Meta, formerly known as Facebook, could add to concerns if, as expected, it reports that its revenue fell 5% in the third quarter. They fell 1 cent in the previous three months, the company’s turnover first drop in income. Growth came to a halt after jumping 37% in 2021, although like Snap, the company has been hit hard by privacy changes at Apple that have reduced the precision with which it can target its advertising.

Procter & Gamble, one of the world’s biggest marketers, said last week it had cut ad spend in response to declining volumes, even as rising prices continue to boost its revenue. However, declining advertising budgets at companies like P&G are still being offset by the number of companies increasing their spending to take advantage of continued consumer demand, said Brian Wieser, president of business intelligence at GroupM, which makes part of WPP.

Along with a potential slowdown in consumption, Big Tech’s latest results are expected to be weighed down by soaring american dollar and comparisons with very solid results recorded a year ago. Growth at Google parent Alphabet is expected to slow to 10% from 41% for all of 2021, although search business has held up better than other forms of advertising during previous economic downturns. Amazon, where growth fell to 7% in the first half of the year from 22% in all of 2021, is expected to rebound slightly thanks to the addition of a second Prime Day in the third quarter to boost sales.

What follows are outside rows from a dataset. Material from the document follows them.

text \<open>Splitting the family tree at its root shows that R = allmax satisfies
  R = max(0, max_i (R_i + xi_i)) with R_i the maxima of the i.i.d. subtrees, so law(R) is a fixed
  point of T. The same splitting identifies T^n(delta_0) with the law of the maximum R_n over the
  first n generations, which increases to R; and T^n(mu) with the law of the value obtained by
  attaching i.i.d. mu-distributed labels to generation n and applying the recursion n times.
  For a solution mu these labels are nonnegative, so that value dominates R_n (minimality of
  law(R)); under extinction it equals R as soon as generation n is empty (uniqueness). R is finite
  because, under either hypothesis, only finitely many generations reach (0, infinity), while the
  maximum of generation n is bounded by (1/theta) log of the sum of exp(theta pos) over the
  generation, whose mean m(theta)^n is finite. Endogeny: in an invariant RTP with marginal law(R),
  unfolding the recursion along the tree shows that R computed from the data is at most the root
  value, and two variables with the same law, one dominating the other, agree almost surely.\<close>

lemma (in prob_space) distr_pair_snd:
  assumes "sigma_finite_measure N"
  shows "distr (M \<Otimes>\<^sub>M N) N snd = N"
proof (intro measure_eqI)
  interpret N: sigma_finite_measure N by fact
  interpret pair_sigma_finite M N by unfold_locales
  fix A assume A: "A \<in> sets (distr (M \<Otimes>\<^sub>M N) N snd)"
  then have "emeasure (distr (M \<Otimes>\<^sub>M N) N snd) A = emeasure (M \<Otimes>\<^sub>M N) (space M \<times> A)"
    by (auto simp: emeasure_distr space_pair_measure dest: sets.sets_into_space
             intro!: arg_cong2[where f=emeasure])
  with A show "emeasure (distr (M \<Otimes>\<^sub>M N) N snd) A = emeasure N A"
    by (simp add: N.emeasure_pair_measure_Times emeasure_space_1)
qed simp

The end of Big Tech’s runaway growth streak has already forced some companies to act on spending and heightened Wall Street’s focus on the sector’s profit margins. Meta said last month that it was imposing a hiring freeze for “most jobs in the company”, while Google closed some underperforming units and slowed hiring since CEO Sundar Pichai calls on the staff in July to show “greater urgency, sharper focus and more hunger”.

Cost cutting at Google is expected to delay its revenue slowdown, pushing parent Alphabet’s reported operating profit margin down more than 4% in the latest quarter, BofA Securities analysts wrote in a note. last week.